> [Task goal]
In the lines below, find the one that contains "2) * \<eta>inf" and write it out exactly, along with every line that follows it.

___

lemma col_path_inv_step:
  assumes spo: "spo_tableau m n T" and inv: "col_path_inv T X z c"
    and bump: "\<exists>i w. X (i,c) = Some w \<and> z < w"
  obtains w where "step (ColIns X z c) = ColIns (X ((col_pos X z c, c) := Some z)) w (Suc c)"
    and "col_path_inv T (X ((col_pos X z c, c) := Some z)) w (Suc c)"
proof -
  have zB1: "\<not> isB0 z" and dX: "dom X = dom T"
    and agree: "\<forall>i c'. c \<le> c' \<longrightarrow> X (i,c') = T (i,c')" using inv by (auto simp: col_path_inv_def)
  define i where "i = col_pos X z c"
  obtain w where w: "X (i,c) = Some w" "z < w"
    and w_min: "\<forall>i' w'. X (i',c) = Some w' \<and> z < w' \<longrightarrow> w \<le> w'"
    using col_pos_spec[of X c z] bump dX spo_young_dom[OF spo] unfolding i_def young_def by auto
  have wB1: "\<not> isB0 w" using greater_than_B1_is_B1[OF zB1 w(2)] .
  have Tw: "T (i,c) = Some w" using agree w by auto
  then have "1 \<le> i" using young_posD[OF spo_young_dom[OF spo], of i c] by auto
  let ?X = "X ((i,c) := Some z)"
  have "pending_descent T ?X w (Suc c) \<or> descent_then_B1 ?X (Suc c)"
  proof (cases "i = 1")
    case True
    have "B1_from X (Suc c)" unfolding B1_from_def
    proof (intro allI impI)
      fix c' e assume "Suc c \<le> c'" "X (1,c') = Some e"
      then show "\<not> isB0 e" using spo_row_B1_right[OF spo Tw wB1, of c' e] agree True by auto
    qed
    then show ?thesis
      using inv zB1 True pending_descent_in_row1 descent_then_B1_update
      by (auto simp: col_path_inv_def)
  next
    case False
    then show ?thesis
      using pending_descent_below_row1[OF spo inv i_def _ w w_min] \<open>1 \<le> i\<close> by simp
  qed
  moreover have "step (ColIns X z c) = ColIns ?X w (Suc c)"
    using step_ColIns_bump[OF bump] w wB1 by (simp add: i_def[symmetric] displace_def)
  moreover have "dom ?X = dom T" using dX Tw by auto
  ultimately show thesis using that wB1 agree unfolding i_def col_path_inv_def by auto
qed

lemma row1_filled_if_young:
  assumes "young (dom X)" and "(1,k) \<in> dom X" and "1 \<le> a"
  shows "row1_filled X a k"
  unfolding row1_filled_def
proof (intro allI impI)
  fix c assume "a \<le> c \<and> c \<le> k"
  then have "(1,c) \<in> dom X" using youngD[OF assms(1,2), of 1 c] assms(3) by auto
  then show "X (1,c) \<noteq> None" by auto
qed

lemma pending_descent_place:
  assumes yX: "young (dom X)" and dX: "dom X = dom T"
    and pending: "pending_descent T X z c" and zB1: "\<not> isB0 z" and j0: "1 \<le> j0" "j0 < c"
  shows "\<exists>d\<ge>j0. row1_filled (X ((1,c) := Some z)) j0 (Suc d) \<and> descent_at (X ((1,c) := Some z)) d"
proof -
  obtain d b where d: "c = Suc d" "(1,d) \<in> dom X" "X (2,d) = Some b" "b < z"
    using pending j0 dX by (auto simp: pending_descent_def)
  have "row1_filled X j0 d" using row1_filled_if_young[OF yX d(2) j0(1)] .
  then have "row1_filled (X ((1,c) := Some z)) j0 (Suc d)"
    using d(1) by (auto simp: row1_filled_def le_Suc_eq)
  moreover have "descent_at (X ((1,c) := Some z)) d" using d zB1 by (auto simp: descent_at_def)
  moreover have "j0 \<le> d" using d(1) j0(2) by simp
  ultimately show ?thesis by blast
qed

lemma descent_then_B1_place:
  assumes yX: "young (dom X)" and settled: "descent_then_B1 X c"
    and bar: "X (1,j0) = Some (Bar 1)" and j0: "1 \<le> j0"
  shows "\<exists>d\<ge>j0. row1_filled (X ((1,c) := Some z)) j0 (Suc d) \<and> descent_at (X ((1,c) := Some z)) d"
proof -
  obtain d where d: "Suc d < c" "d = 0 \<or> descent_at X d" "B1_from X (Suc d)"
    using settled by (auto simp: descent_then_B1_def)
  have "j0 \<le> d"
  proof (rule ccontr)
    assume "\<not> j0 \<le> d"
    with d(3) bar have "\<not> isB0 (Bar 1)" unfolding B1_from_def by (meson not_less_eq_eq)
    then show False by simp
  qed
  then have descent: "descent_at X d" using d(2) j0 by auto
  then have "(1, Suc d) \<in> dom X" by (auto simp: descent_at_def)
  then have "row1_filled (X ((1,c) := Some z)) j0 (Suc d)"
    using row1_filled_if_young[OF yX _ j0] by (auto simp: row1_filled_def)
  moreover have "descent_at (X ((1,c) := Some z)) d" using descent d(1) by (auto simp: descent_at_def)
  ultimately show ?thesis using \<open>j0 \<le> d\<close> by auto
qed
lemma traveling_wave_exists:
  "\<exists>w \<eta> :: real \<Rightarrow> real.
     smooth_real w \<and> smooth_real \<eta> \<and>
     (\<forall>z. \<eta> z > 0) \<and>
     \<not> (\<exists>c. \<forall>z. \<eta> z = c) \<and>
     (\<forall>z. s * w z + \<eta>inf powr (-(\<nu> + 2)) - \<eta> z powr (-(\<nu> + 2)) = 0) \<and>
     (\<forall>z. \<gamma> * w z - \<kappa> * deriv (deriv w) z + s * (\<eta> z - \<eta>inf) = 0) \<and>
     (\<eta> \<longlongrightarrow> \<eta>inf) at_top \<and> (\<eta> \<longlongrightarrow> \<eta>inf) at_bot \<and>
     (w \<longlongrightarrow> 0) at_top \<and> (w \<longlongrightarrow> 0) at_bot \<and>
     (\<forall>z. \<eta> z > \<eta>inf)"
proof -
  obtain u u' :: "real \<Rightarrow> real" where u_gt: "\<And>z. -a < u z" and u_neg: "\<And>z. u z < 0"
    and du: "\<And>z. (u has_real_derivative u' z) (at z)"
    and du': "\<And>z. (u' has_real_derivative force (u z)) (at z)"
    and u_top: "(u \<longlongrightarrow> 0) at_top" and u_bot: "(u \<longlongrightarrow> 0) at_bot"
    using homoclinic_solution by metis
  have u_smooth: "iter_differentiable n u" for n
    using u_gt du du' by (rule solution_iter_differentiable)
  have s_ne: "s \<noteq> 0" using s_sq_pos by auto
  define w where "w z = u z / s" for z
  define \<eta> where "\<eta> z = eta_of (u z)" for z
  have w_smooth: "smooth_real w"
    using u_smooth iter_differentiable_mult[OF iter_differentiable_const, of _ u "1 / s"]
    by (intro smooth_real_if_iter_differentiable) (simp add: w_def[abs_def])
  have \<eta>_smooth: "smooth_real \<eta>"
    using iter_differentiable_eta_of[OF u_gt u_smooth]
    by (intro smooth_real_if_iter_differentiable) (simp add: \<eta>_def[abs_def])
  have \<eta>_gt: "\<eta> z > \<eta>inf" for z
    using eta_of_gt u_gt u_neg by (simp add: \<eta>_def)
  have ddw: "deriv (deriv w) z = force (u z) / s" for z
  proof -
    have "deriv w = (\<lambda>z. u' z / s)"
      unfolding w_def[abs_def] by (intro ext DERIV_imp_deriv DERIV_cdivide du)
    then show ?thesis by (auto intro!: DERIV_imp_deriv DERIV_cdivide du')
  qed
  have \<eta>_lim: "(\<eta> \<longlongrightarrow> \<eta>inf) F" if "(u \<longlongrightarrow> 0) F" for F
    using tendsto_eta_of[OF that] by (simp add: \<eta>_def[abs_def])
  have w_lim: "(w \<longlongrightarrow> 0) F" if "(u \<longlongrightarrow> 0) F" for F
    using tendsto_divide[OF that tendsto_const[of s]] s_ne by (simp add: w_def[abs_def])
  have nonconstant: "\<not> (\<exists>c. \<forall>z. \<eta> z = c)"
    using \<eta>_gt \<eta>_lim[OF u_top] tendsto_const_iff
    by (metis (no_types, lifting) ext less_irrefl trivial_limit_at_top_linorder)
  have \<eta>_pos: "\<eta> z > 0" for z
    using \<eta>inf_pos \<eta>_gt less_trans by blast
  have first_eq: "s * w z + \<eta>inf powr (-(\<nu> + 2)) - \<eta> z powr (-(\<nu> + 2)) = 0" for z
    using eta_of_powr[OF u_gt[of z]] \<eta>inf_powr s_ne by (simp add: w_def \<eta>_def)
  have second_eq: "\<gamma> * w z - \<kappa> * deriv (deriv w) z + s * (\<eta> z - \<eta>inf) = 0" for z
    using s_ne \<kappa>_pos by (simp add: ddw force_eq w_def \<eta>_def field_simps power2_eq_square)
  show ?thesis
    by (rule exI[of _ w], rule exI[of _ \<eta>])
      (intro conjI allI w_smooth \<eta>_smooth \<eta>_pos nonconstant first_eq second_eq
        \<eta>_lim w_lim u_top u_bot \<eta>_gt)
qed

end

theorem mainTheorem1:
  fixes \<beta> \<nu> \<kappa> \<gamma> \<eta>inf s :: real
  assumes "\<beta> > 0" and "\<nu> > -1" and "\<kappa> > 0" and "\<gamma> = \<beta> / (\<nu> + 2)" and "\<eta>inf > 0"
    and "\<beta> * (\<nu> + 1) / (2 * (\<nu> + 2) * \<eta>inf powr (\<nu> + 3)) < s\<^sup>2"
    and "s\<^sup>2 < \<beta> / \<eta>inf powr (\<nu> + 3)"
  shows "\<exists>w \<eta> :: real \<Rightarrow> real.
           smooth_real w \<and> smooth_real \<eta> \<and>
           (\<forall>z. \<eta> z > 0) \<and>
           \<not> (\<exists>c. \<forall>z. \<eta> z = c) \<and>
           (\<forall>z. s * w z + \<eta>inf powr (-(\<nu> + 2)) - \<eta> z powr (-(\<nu> + 2)) = 0) \<and>
           (\<forall>z. \<gamma> * w z - \<kappa> * deriv (deriv w) z + s * (\<eta> z - \<eta>inf) = 0) \<and>
           (\<eta> \<longlongrightarrow> \<eta>inf) at_top \<and> (\<eta> \<longlongrightarrow> \<eta>inf) at_bot \<and>
           (w \<longlongrightarrow> 0) at_top \<and> (w \<longlongrightarrow> 0) at_bot \<and>
           (\<forall>z. \<eta> z > \<eta>inf)"
proof -
  interpret traveling_wave \<beta> \<nu> \<kappa> \<gamma> \<eta>inf s
    using assms by unfold_locales
  show ?thesis by (rule traveling_wave_exists)
qed

end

___

> [Task result]
    and "\<beta> * (\<nu> + 1) / (2 * (\<nu> + 2) * \<eta>inf powr (\<nu> + 3)) < s\<^sup>2"
    and "s\<^sup>2 < \<beta> / \<eta>inf powr (\<nu> + 3)"
  shows "\<exists>w \<eta> :: real \<Rightarrow> real.
           smooth_real w \<and> smooth_real \<eta> \<and>
           (\<forall>z. \<eta> z > 0) \<and>
           \<not> (\<exists>c. \<forall>z. \<eta> z = c) \<and>
           (\<forall>z. s * w z + \<eta>inf powr (-(\<nu> + 2)) - \<eta> z powr (-(\<nu> + 2)) = 0) \<and>
           (\<forall>z. \<gamma> * w z - \<kappa> * deriv (deriv w) z + s * (\<eta> z - \<eta>inf) = 0) \<and>
           (\<eta> \<longlongrightarrow> \<eta>inf) at_top \<and> (\<eta> \<longlongrightarrow> \<eta>inf) at_bot \<and>
           (w \<longlongrightarrow> 0) at_top \<and> (w \<longlongrightarrow> 0) at_bot \<and>
           (\<forall>z. \<eta> z > \<eta>inf)"
proof -
  interpret traveling_wave \<beta> \<nu> \<kappa> \<gamma> \<eta>inf s
    using assms by unfold_locales
  show ?thesis by (rule traveling_wave_exists)
qed

end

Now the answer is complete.